My list for the week is full of good things. Gift wrapping, Ben’s holiday pageant, planning meals and snacks for the holiday. All fun things I should be excited about. I’m not. I feel blah, and like I want to sleep all day.

This pisses me off. I can do one of two things, lean in or push back. I have to push back! If I don’t it will get worse, every day. I have to write out exactly what to do each day this week and I have to DO IT no matter how I feel. It should be a good week, one full of anticipation and joy, not full of weighty bullshit going on in your head for no reason at all.

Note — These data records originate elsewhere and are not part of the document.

text \<open>Because the base point \<open>v\<close> of every prox step has a strictly positive \<open>p\<close>-part,
  \<open>D\<^sub>R((x, q), v) = \<alpha>\<^sub>w \<parallel>x - v\<^sub>w\<parallel>\<^sup>2/2 + \<alpha>\<^sub>p D\<^sub>E(q, v\<^sub>p)\<close> on the ball times the simplex, so the
  prox objective is separable and the prox point is the pair of the minimisers of its two parts.
  Since \<open>\<gamma> = \<alpha>\<^sub>w / \<surd>(log n) = \<alpha>\<^sub>p \<surd>(log n)\<close>, these parts are positive multiples of the
  objectives of the optimistic mirror descent updates. Both problems have unique minimisers: the
  Euclidean one by strong convexity, the entropic one because it is the Gibbs reweighting of
  \<open>v\<^sub>p\<close> by \<open>exp(-\<eta> y)\<close>, which is again strictly positive and so keeps the induction going.
  All \<open>\<gamma>\<^sub>t\<close> being equal, the weighted average \<open>z\<^sub>t\<close> is the plain average.\<close>

lemma is_arg_min_pos_affine:
  fixes f h :: "'a \<Rightarrow> real"
  assumes "is_arg_min f P a" and "\<And>x. P x \<Longrightarrow> f x = k * h x + C" and "0 < k"
  shows "is_arg_min h P a"
  using assms by (auto simp: is_arg_min_linorder)

lemma is_arg_min_separable:
  fixes F :: "'a \<times> 'b \<Rightarrow> real"
  assumes "is_arg_min F (\<lambda>u. u \<in> S \<times> U) (a, b)"
    and "\<And>x q. x \<in> S \<Longrightarrow> q \<in> U \<Longrightarrow> F (x, q) = f x + g q"
  shows "is_arg_min f (\<lambda>x. x \<in> S) a" and "is_arg_min g (\<lambda>q. q \<in> U) b"
  using assms by (fastforce simp: is_arg_min_linorder)+

lemma is_arg_min_prox_quadratic_unique:
  fixes g v :: "'a::real_inner"
  defines "h \<equiv> \<lambda>x. inner g x + 1/2 * (norm (x - v))\<^sup>2"
  assumes "convex S" and "is_arg_min h (\<lambda>x. x \<in> S) a" and "is_arg_min h (\<lambda>x. x \<in> S) b"
  shows "a = b"
proof -
  define m where "m = (1/2) *\<^sub>R a + (1/2) *\<^sub>R b"
  have "m \<in> S"
    using assms(2-4) convexD[of S a b "1/2" "1/2"] by (simp add: is_arg_min_def m_def)
  then have "h a \<le> h m" and "h b \<le> h m"
    using assms(3,4) by (auto simp: is_arg_min_linorder)
  moreover \<comment> \<open>the parallelogram law in the form of strong convexity of \<open>h\<close>\<close>
  have "h m = (h a + h b) / 2 - (norm (a - b))\<^sup>2 / 8"
    unfolding h_def m_def power2_norm_eq_inner
    by (simp add: inner_add_left inner_add_right inner_diff_left inner_diff_right
        inner_commute field_simps)
  ultimately have "(norm (a - b))\<^sup>2 \<le> 0"
    by argo
  then show "a = b"
    by simp
qed

lemma mult_ln_div_ge_diff:
  fixes q r :: real
  assumes "0 < r" and "0 \<le> q"
  shows "q - r \<le> q * ln (q / r)"
proof (cases "q = 0")
  case False
  with assms have "0 < q"
    by simp
  with assms have "1 - r / q \<le> ln (q / r)"
    using ln_le_minus_one[of "r / q"] by (simp add: ln_div)
  with \<open>0 < q\<close> show ?thesis
    using mult_left_mono[of "1 - r / q" "ln (q / r)" q] by (simp add: field_simps)
qed (use assms in simp)
(* If $C$ is a self-dual code over $\mathbb{Z}_4+u\mathbb{Z}_4$ generated by a matrix of the form $[I_n\,|\,A]$ (with $A$ an $n\times n$ matrix over $\mathbb{Z}_4+u\mathbb{Z}_4$), then $\mu(C)$ is self-dual over $\mathbb{Z}_4$ and $\alpha(C)$ is self-dual over $\mathbb{F}_2+u\mathbb{F}_2$.
   Context: $\mathbb{Z}_4+u\mathbb{Z}_4$ is the commutative ring of characteristic $4$ with $u^2=0$; $\mathbb{F}_2+u\mathbb{F}_2$ is the commutative ring $\{0,1,u,1+u\}$ of characteristic $2$ with $u^2=0$. A linear code over a ring $R$ is an $R$-submodule of $R^N$; duals are taken with respect to the Euclidean inner product $\sum_i x_iy_i$ in $R$; self-dual means $C=C^\perp$. For $\overline{a},\overline{b}\in\mathbb{Z}_4^N$, $\mu(\overline{a}+u\overline{b})=\overline{a}$; $\alpha$ is coordinatewise reduction modulo $2$ from $\mathbb{Z}_4+u\mathbb{Z}_4$ to $\mathbb{F}_2+u\mathbb{F}_2$. *)

theory Defs
  imports Main "HOL-Library.Numeral_Type"
begin

text \<open>The ring R + uR with u^2 = 0 (dual numbers over a commutative ring R).
  Dual a b stands for a + u b.  Z4 + uZ4 is 4 dnum, F2 + uF2 is 2 dnum.\<close>

datatype 'a dnum = Dual (re: 'a) (im: 'a)

instantiation dnum :: (comm_ring_1) comm_ring_1
begin
definition "0 = Dual 0 0"
definition "1 = Dual 1 0"
definition "x + y = Dual (re x + re y) (im x + im y)"
definition "x - y = Dual (re x - re y) (im x - im y)"
definition "- x = Dual (- re x) (- im x)"
definition "x * y = Dual (re x * re y) (re x * im y + im x * re y)"
instance
  by standard (auto simp: zero_dnum_def one_dnum_def plus_dnum_def minus_dnum_def
      uminus_dnum_def times_dnum_def algebra_simps intro: dnum.expand)
end

definition vecs :: "nat \<Rightarrow> (nat \<Rightarrow> 'a::zero) set" where
  "vecs N = {x. \<forall>i\<ge>N. x i = 0}"

definition inner_prod :: "nat \<Rightarrow> (nat \<Rightarrow> 'a::comm_ring_1) \<Rightarrow> (nat \<Rightarrow> 'a) \<Rightarrow> 'a" where
  "inner_prod N x y = (\<Sum>i<N. x i * y i)"

definition dual_code :: "nat \<Rightarrow> (nat \<Rightarrow> 'a::comm_ring_1) set \<Rightarrow> (nat \<Rightarrow> 'a) set" where
  "dual_code N C = {y \<in> vecs N. \<forall>x\<in>C. inner_prod N x y = 0}"

definition self_dual :: "nat \<Rightarrow> (nat \<Rightarrow> 'a::comm_ring_1) set \<Rightarrow> bool" where
  "self_dual N C \<longleftrightarrow> C = dual_code N C"

definition gen_row :: "nat \<Rightarrow> (nat \<Rightarrow> nat \<Rightarrow> 'a::comm_ring_1) \<Rightarrow> nat \<Rightarrow> nat \<Rightarrow> 'a" where
  "gen_row n A i j = (if j < n then (if j = i then 1 else 0)
                      else if j < 2 * n then A i (j - n) else 0)"

definition gen_code :: "nat \<Rightarrow> (nat \<Rightarrow> nat \<Rightarrow> 'a::comm_ring_1) \<Rightarrow> (nat \<Rightarrow> 'a) set" where
  "gen_code n A = {(\<lambda>j. \<Sum>i<n. c i * gen_row n A i j) | c. True}"

definition mu :: "(nat \<Rightarrow> 4 dnum) \<Rightarrow> (nat \<Rightarrow> 4)" where
  "mu x = (\<lambda>j. re (x j))"

definition red2 :: "4 \<Rightarrow> 2" where
  "red2 a = of_int (Rep_bit0 a)"

definition alpha :: "(nat \<Rightarrow> 4 dnum) \<Rightarrow> (nat \<Rightarrow> 2 dnum)" where
  "alpha x = (\<lambda>j. Dual (red2 (re (x j))) (red2 (im (x j))))"

end

theory Submission
  imports Defs
begin

text \<open>For a generator matrix [I_n | B] over any commutative ring, a vector y lies in the
  dual code iff y_i + \<Sum>_k B_ik y_(n+k) = 0 for all i < n.  Hence the code is contained in
  its dual iff B B^T = -I, and the dual is contained in the code iff B^T B = -I.  Both are
  polynomial identities in the entries of B, so they are preserved by any ring homomorphism h,
  and a surjective h maps the code of [I_n | B] onto the code of [I_n | h(B)].  Both mu and
  alpha are such homomorphisms applied coordinatewise.\<close>

definition codeword :: "nat \<Rightarrow> (nat \<Rightarrow> nat \<Rightarrow> 'a::comm_ring_1) \<Rightarrow> (nat \<Rightarrow> 'a) \<Rightarrow> nat \<Rightarrow> 'a" where
  "codeword n B c = (\<lambda>j. \<Sum>i<n. c i * gen_row n B i j)"

lemma gen_code_eq_range_codeword: "gen_code n B = range (codeword n B)"
  by (auto simp: gen_code_def codeword_def)

lemma codeword_lower: "j < n \<Longrightarrow> codeword n B c j = c j"
  by (simp add: codeword_def gen_row_def if_distrib[of "\<lambda>x. _ * x"] cong: if_cong)

lemma codeword_upper: "k < n \<Longrightarrow> codeword n B c (n + k) = (\<Sum>i<n. c i * B i k)"
  by (simp add: codeword_def gen_row_def)

lemma codeword_in_vecs: "codeword n B c \<in> vecs (2 * n)"
  by (simp add: vecs_def codeword_def gen_row_def)

lemma sum_lessThan_add: "(\<Sum>j<n + m. f j) = (\<Sum>j<n. f j) + (\<Sum>k<m. f (n + k))"
  for f :: "nat \<Rightarrow> 'a::comm_monoid_add"
  by (induction m) (simp_all add: add.assoc)

lemma inner_prod_codeword:
  "inner_prod (2 * n) (codeword n B c) y = (\<Sum>i<n. c i * (y i + (\<Sum>k<n. B i k * y (n + k))))"
proof -
  have "inner_prod (2 * n) (codeword n B c) y
      = (\<Sum>i<n. c i * y i) + (\<Sum>k<n. (\<Sum>i<n. c i * B i k) * y (n + k))"
    by (simp add: inner_prod_def mult_2 sum_lessThan_add codeword_lower codeword_upper)
  also have "(\<Sum>k<n. (\<Sum>i<n. c i * B i k) * y (n + k)) = (\<Sum>i<n. c i * (\<Sum>k<n. B i k * y (n + k)))"
    by (simp add: sum_distrib_left sum_distrib_right mult.assoc) (rule sum.swap)
  finally show ?thesis by (simp add: distrib_left sum.distrib)
qed

lemma mem_dual_gen_code_iff:
  "y \<in> dual_code (2 * n) (gen_code n B) \<longleftrightarrow>
     y \<in> vecs (2 * n) \<and> (\<forall>i<n. y i + (\<Sum>k<n. B i k * y (n + k)) = 0)"
proof -
  have "(\<forall>c. inner_prod (2 * n) (codeword n B c) y = 0) \<longleftrightarrow>
        (\<forall>i<n. y i + (\<Sum>k<n. B i k * y (n + k)) = 0)"
  proof
    assume orth: "\<forall>c. inner_prod (2 * n) (codeword n B c) y = 0"
    show "\<forall>i<n. y i + (\<Sum>k<n. B i k * y (n + k)) = 0"
    proof (intro allI impI)
      fix i assume "i < n"
      then show "y i + (\<Sum>k<n. B i k * y (n + k)) = 0"
        using orth[rule_format, of "\<lambda>j. of_bool (j = i)"] by (simp add: inner_prod_codeword)
    qed
  qed (simp add: inner_prod_codeword)
  then show ?thesis
    by (auto simp: dual_code_def gen_code_eq_range_codeword)
qed

lemma gen_code_subset_dual_iff:
  "gen_code n B \<subseteq> dual_code (2 * n) (gen_code n B) \<longleftrightarrow>
     (\<forall>i<n. \<forall>k<n. (\<Sum>l<n. B i l * B k l) = - of_bool (i = k))"
proof
  assume sub: "gen_code n B \<subseteq> dual_code (2 * n) (gen_code n B)"
  show "\<forall>i<n. \<forall>k<n. (\<Sum>l<n. B i l * B k l) = - of_bool (i = k)"
  proof (intro allI impI)
    fix i k assume "i < n" "k < n"
    let ?y = "codeword n B (\<lambda>j. of_bool (j = k))"
    have "?y \<in> dual_code (2 * n) (gen_code n B)"
      using sub by (auto simp: gen_code_eq_range_codeword)
    then have "?y i + (\<Sum>l<n. B i l * ?y (n + l)) = 0"
      using \<open>i < n\<close> by (simp add: mem_dual_gen_code_iff)
    moreover have "(\<Sum>l<n. B i l * ?y (n + l)) = (\<Sum>l<n. B i l * B k l)"
      using \<open>k < n\<close> by (intro sum.cong) (simp_all add: codeword_upper)
    ultimately show "(\<Sum>l<n. B i l * B k l) = - of_bool (i = k)"
      using \<open>i < n\<close> by (simp add: codeword_lower add_eq_0_iff)
  qed
next
  assume rows: "\<forall>i<n. \<forall>k<n. (\<Sum>l<n. B i l * B k l) = - of_bool (i = k)"
  have "codeword n B c \<in> dual_code (2 * n) (gen_code n B)" for c
  proof -
    have "(\<Sum>k<n. B i k * codeword n B c (n + k)) = - c i" if "i < n" for i
    proof -
      have "(\<Sum>k<n. B i k * codeword n B c (n + k)) = (\<Sum>j<n. c j * (\<Sum>k<n. B i k * B j k))"
        by (simp add: codeword_upper sum_distrib_left mult_ac) (rule sum.swap)
      also have "\<dots> = (\<Sum>j<n. - (c j * of_bool (i = j)))"
        using rows \<open>i < n\<close> by (intro sum.cong) auto
      finally show ?thesis
        using \<open>i < n\<close> by (simp add: sum_negf)
    qed
    then show ?thesis
      by (simp add: mem_dual_gen_code_iff codeword_in_vecs codeword_lower)
  qed
  then show "gen_code n B \<subseteq> dual_code (2 * n) (gen_code n B)"
    by (auto simp: gen_code_eq_range_codeword)
qed

lemma dual_subset_gen_code_iff:
  "dual_code (2 * n) (gen_code n B) \<subseteq> gen_code n B \<longleftrightarrow>
     (\<forall>k<n. \<forall>l<n. (\<Sum>i<n. B i k * B i l) = - of_bool (k = l))"
proof
  assume sub: "dual_code (2 * n) (gen_code n B) \<subseteq> gen_code n B"
  show "\<forall>k<n. \<forall>l<n. (\<Sum>i<n. B i k * B i l) = - of_bool (k = l)"
  proof (intro allI impI)
    fix k l assume "k < n" "l < n"
    define y where
      "y j = (if j < n then - B j k else if j < 2 * n then of_bool (j = n + k) else 0)" for j
    have "y \<in> dual_code (2 * n) (gen_code n B)"
      using \<open>k < n\<close> by (simp add: mem_dual_gen_code_iff vecs_def y_def)
    with sub obtain c where c: "y = codeword n B c"
      by (auto simp: gen_code_eq_range_codeword)
    have "c i = - B i k" if "i < n" for i
      using codeword_lower[OF that, of B c] that by (simp add: c[symmetric] y_def)
    then have "y (n + l) = - (\<Sum>i<n. B i k * B i l)"
      using \<open>l < n\<close> by (simp add: c codeword_upper sum_negf[symmetric])
    then show "(\<Sum>i<n. B i k * B i l) = - of_bool (k = l)"
      using \<open>l < n\<close> by (simp add: y_def eq_commute)
  qed
next
  assume cols: "\<forall>k<n. \<forall>l<n. (\<Sum>i<n. B i k * B i l) = - of_bool (k = l)"
  have "y = codeword n B y" if y: "y \<in> dual_code (2 * n) (gen_code n B)" for y
  proof
    fix j
    have y_lower: "y i = - (\<Sum>k<n. B i k * y (n + k))" if "i < n" for i
      using y that by (simp add: mem_dual_gen_code_iff eq_neg_iff_add_eq_0)
    consider "j < n" | l where "l < n" "j = n + l" | "2 * n \<le> j"
      by (metis add_diff_inverse_nat mult_2 nat_add_left_cancel_less not_less)
    then show "y j = codeword n B y j"
    proof cases
      case 1
      then show ?thesis by (simp add: codeword_lower)
    next
      case (2 l)
      have "codeword n B y j = - (\<Sum>i<n. (\<Sum>k<n. B i k * y (n + k)) * B i l)"
        using 2 y_lower by (simp add: codeword_upper sum_negf)
      also have "\<dots> = - (\<Sum>k<n. y (n + k) * (\<Sum>i<n. B i k * B i l))"
        by (simp add: sum_distrib_left sum_distrib_right mult_ac) (rule sum.swap)
      also have "\<dots> = y j"
        using 2 cols by (simp add: sum_negf)
      finally show ?thesis ..
    next
      case 3
      with y show ?thesis
        by (simp add: mem_dual_gen_code_iff vecs_def codeword_def gen_row_def)
    qed
  qed
  then show "dual_code (2 * n) (gen_code n B) \<subseteq> gen_code n B"
    by (auto simp: gen_code_eq_range_codeword)
qed

lemma self_dual_gen_code_iff:
  "self_dual (2 * n) (gen_code n B) \<longleftrightarrow>
     (\<forall>i<n. \<forall>k<n. (\<Sum>l<n. B i l * B k l) = - of_bool (i = k)) \<and>
     (\<forall>k<n. \<forall>l<n. (\<Sum>i<n. B i k * B i l) = - of_bool (k = l))"
  unfolding self_dual_def set_eq_subset gen_code_subset_dual_iff dual_subset_gen_code_iff ..

locale surj_ring_hom =
  fixes h :: "'a::comm_ring_1 \<Rightarrow> 'b::comm_ring_1"
  assumes hom_add: "h (x + y) = h x + h y"
    and hom_mult: "h (x * y) = h x * h y"
    and hom_one: "h 1 = 1"
    and surj: "surj h"
begin

lemma hom_zero: "h 0 = 0"
  using hom_add[of 0 0] by simp

lemma hom_uminus: "h (- x) = - h x"
  using hom_add[of "- x" x] by (simp add: hom_zero eq_neg_iff_add_eq_0)

lemma hom_sum: "h (sum f S) = (\<Sum>x\<in>S. h (f x))"
  by (induction S rule: infinite_finite_induct) (simp_all add: hom_zero hom_add)

lemma hom_of_bool: "h (of_bool P) = of_bool P"
  by (simp add: hom_zero hom_one)

lemma hom_gen_row: "h (gen_row n B i j) = gen_row n (\<lambda>i k. h (B i k)) i j"
  by (simp add: gen_row_def hom_zero hom_one)

lemma hom_codeword:
  "(\<lambda>j. h (codeword n B c j)) = codeword n (\<lambda>i k. h (B i k)) (\<lambda>i. h (c i))"
  by (simp add: codeword_def hom_sum hom_mult hom_gen_row)

lemma image_gen_code: "(\<lambda>x j. h (x j)) ` gen_code n B = gen_code n (\<lambda>i k. h (B i k))"
proof -
  have lift: "range (\<lambda>c i. h (c i)) = UNIV"
    by (rule surjI[where f = "\<lambda>d i. inv h (d i)"]) (simp add: surj surj_f_inv_f)
  have "(\<lambda>x j. h (x j)) ` range (codeword n B)
      = codeword n (\<lambda>i k. h (B i k)) ` range (\<lambda>c i. h (c i))"
    by (simp add: image_image hom_codeword)
  then show ?thesis
    by (simp add: gen_code_eq_range_codeword lift)
qed

lemma self_dual_image_gen_code:
  assumes "self_dual (2 * n) (gen_code n B)"
  shows "self_dual (2 * n) ((\<lambda>x j. h (x j)) ` gen_code n B)"
proof -
  have "(\<Sum>l<n. h (B i l) * h (B k l)) = h (\<Sum>l<n. B i l * B k l)"
    and "(\<Sum>j<n. h (B j i) * h (B j k)) = h (\<Sum>j<n. B j i * B j k)" for i k
    by (simp_all add: hom_sum hom_mult)
  with assms show ?thesis
    by (simp add: image_gen_code self_dual_gen_code_iff hom_uminus hom_of_bool)
qed

lemma surj_ring_hom_map_dnum: "surj_ring_hom (map_dnum h)"
proof
  fix x y :: "'a dnum"
  show "map_dnum h (x + y) = map_dnum h x + map_dnum h y"
    by (cases x; cases y) (simp add: plus_dnum_def hom_add)
  show "map_dnum h (x * y) = map_dnum h x * map_dnum h y"
    by (cases x; cases y) (simp add: times_dnum_def hom_add hom_mult)
  show "map_dnum h 1 = 1"
    by (simp add: one_dnum_def hom_one hom_zero)
  show "surj (map_dnum h)"
    by (rule surjI[where f = "map_dnum (inv h)"])
      (simp add: dnum.map_comp surj surj_f_inv_f dnum.map_ident_strong)
qed

end

interpretation re_dnum: surj_ring_hom "re :: 'a::comm_ring_1 dnum \<Rightarrow> 'a"
proof
  fix x y :: "'a dnum"
  show "re (x + y) = re x + re y" by (simp add: plus_dnum_def)
  show "re (x * y) = re x * re y" by (simp add: times_dnum_def)
  show "re (1 :: 'a dnum) = 1" by (simp add: one_dnum_def)
  show "surj (re :: 'a dnum \<Rightarrow> 'a)" by (rule surjI[where f = "\<lambda>a. Dual a 0"]) simp
qed

lemma of_int_mod_4_eq: "(of_int (z mod 4) :: 2) = of_int z"
proof -
  have "(of_int z :: 2) = of_int (z mod 4) + 4 * of_int (z div 4)"
    by (metis mod_mult_div_eq of_int_add of_int_mult of_int_numeral)
  also have "(4 :: 2) = 0" by simp
  finally show ?thesis by simp
qed

lemma red2_of_int: "red2 (of_int z) = of_int z"
proof -
  have "Rep_bit0 (of_int z :: 4) = z mod 4"
    using bit0.Rep_Abs_mod[of z, where 'a = 2] by (simp add: bit0.of_int_eq)
  then show ?thesis by (simp add: red2_def of_int_mod_4_eq)
qed

interpretation red2: surj_ring_hom red2
proof
  fix a b :: 4
  show "red2 (a + b) = red2 a + red2 b"
    by (induct a; induct b) (metis of_int_add red2_of_int)
  show "red2 (a * b) = red2 a * red2 b"
    by (induct a; induct b) (metis of_int_mult red2_of_int)
  show "red2 1 = 1"
    by (metis of_int_1 red2_of_int)
  show "surj red2"
    by (metis red2_of_int surj_def bit0.cases)
qed

theorem corollary4p5:
  fixes n :: nat and A :: "nat \<Rightarrow> nat \<Rightarrow> 4 dnum" and C :: "(nat \<Rightarrow> 4 dnum) set"
  assumes "C = gen_code n A"
    and "self_dual (2 * n) C"
  shows "self_dual (2 * n) (mu ` C) \<and> self_dual (2 * n) (alpha ` C)"
proof
  have mu_eq: "mu = (\<lambda>x j. re (x j))"
    by (simp add: fun_eq_iff mu_def)
  show "self_dual (2 * n) (mu ` C)"
    unfolding mu_eq using re_dnum.self_dual_image_gen_code assms by simp
  have alpha_eq: "alpha = (\<lambda>x j. map_dnum red2 (x j))"
    by (simp add: fun_eq_iff alpha_def dnum.map_sel dnum.expand)
  show "self_dual (2 * n) (alpha ` C)"
    unfolding alpha_eq using surj_ring_hom.self_dual_image_gen_code[OF red2.surj_ring_hom_map_dnum] assms by simp
qed

end
lemma gs_eq_append_cong: "gs_eq u v \<Longrightarrow> gs_eq (p @ u @ q) (p @ v @ q)"
proof (induction rule: gs_eq.induct)
  case (gs_refl u)
  show ?case by (rule gs_eq.gs_refl)
next
  case (gs_sym u v)
  from gs_sym.IH show ?case by (rule gs_eq.gs_sym)
next
  case (gs_trans u v w)
  from gs_trans.IH show ?case by (rule gs_eq.gs_trans)
next
  case (gs_cancel u x b v)
  show ?case using gs_eq.gs_cancel[of "p @ u" x b "v @ q"] by simp
next
  case (gs_mult u x y v)
  show ?case using gs_eq.gs_mult[of "p @ u" x y "v @ q"] by simp
qed

lemma gs_eq_Nil_if_letters_trivial:
  assumes letter: "\<And>x::'a::semigroup_mult. gs_eq [(x, True)] []"
  shows "gs_eq (w :: ('a \<times> bool) list) []"
proof (induction w)
  case Nil
  show ?case by (rule gs_refl)
next
  case (Cons a w)
  obtain x b where a: "a = (x, b)" by (cases a)
  have "gs_eq [(x, b)] []"
  proof (cases b)
    case True
    then show ?thesis using letter by simp
  next
    case False
    have "gs_eq [(x, False)] ([] @ [(x, True)] @ [(x, False)])"
      using gs_eq_append_cong[OF gs_sym[OF letter], of "[]" "[(x, False)]"] by simp
    also have "gs_eq \<dots> []"
      using gs_cancel[of "[]" x True "[]"] by simp
    finally show ?thesis using False by simp
  qed
  then have "gs_eq (a # w) w"
    using gs_eq_append_cong[of "[(x, b)]" "[]" "[]" w] a by simp
  also have "gs_eq w []"
    by (rule Cons.IH)
  finally show ?case .
qed

lemma carrier_group_completion:
  "carrier (group_completion TYPE('a::semigroup_mult)) = UNIV // (gs_rel :: (('a \<times> bool) list \<times> _) set)"
  by (simp add: group_completion_def)

lemma one_group_completion:
  "\<one>\<^bsub>group_completion TYPE('a::semigroup_mult)\<^esub> = (gs_rel :: (('a \<times> bool) list \<times> _) set) `` {[]}"
  by (simp add: group_completion_def)

lemma equiv_gs_rel: "equiv UNIV gs_rel"
proof (rule equivI)
  show "gs_rel \<subseteq> UNIV \<times> UNIV"
    by simp
  show "refl gs_rel"
    unfolding refl_on_def gs_rel_def by (auto intro: gs_refl)
  show "sym gs_rel"
    unfolding sym_def gs_rel_def by (simp add: gs_sym)
  show "trans gs_rel"
    unfolding trans_def gs_rel_def by (metis case_prodD case_prodI mem_Collect_eq gs_trans)
qed

lemma gs_rel_class_eq_iff: "gs_rel `` {u} = gs_rel `` {v} \<longleftrightarrow> gs_eq u v"
  using eq_equiv_class_iff[OF equiv_gs_rel] unfolding gs_rel_def by blast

I have been really into the season, and I will keep going. I will keep moving until the feeling comes back. And it will, it always does, I just have to Go. And Keep Going.

So! I will watch my favorite holiday movies and I will wrap gifts and paint my nails an wear a dress and bake cookies and just keep going until it all feels whole and happy again. I know I am both of these things, I do, I just have to kick my self in the ass every few hours so I don’t forget.

 

Progress

When I wake in the morning, as I slowly come to, I wait and feel until something tells me how I am. What is today? Am I well, am I iffy, am I off? You’d think that a person wakes up the same everyday, that you get out of bed fine and as the day progresses you know how you are. Something happens that can shift it, but I don’t get to do that. Life has a hand in how I feel, for sure, but, first, I check in with my head.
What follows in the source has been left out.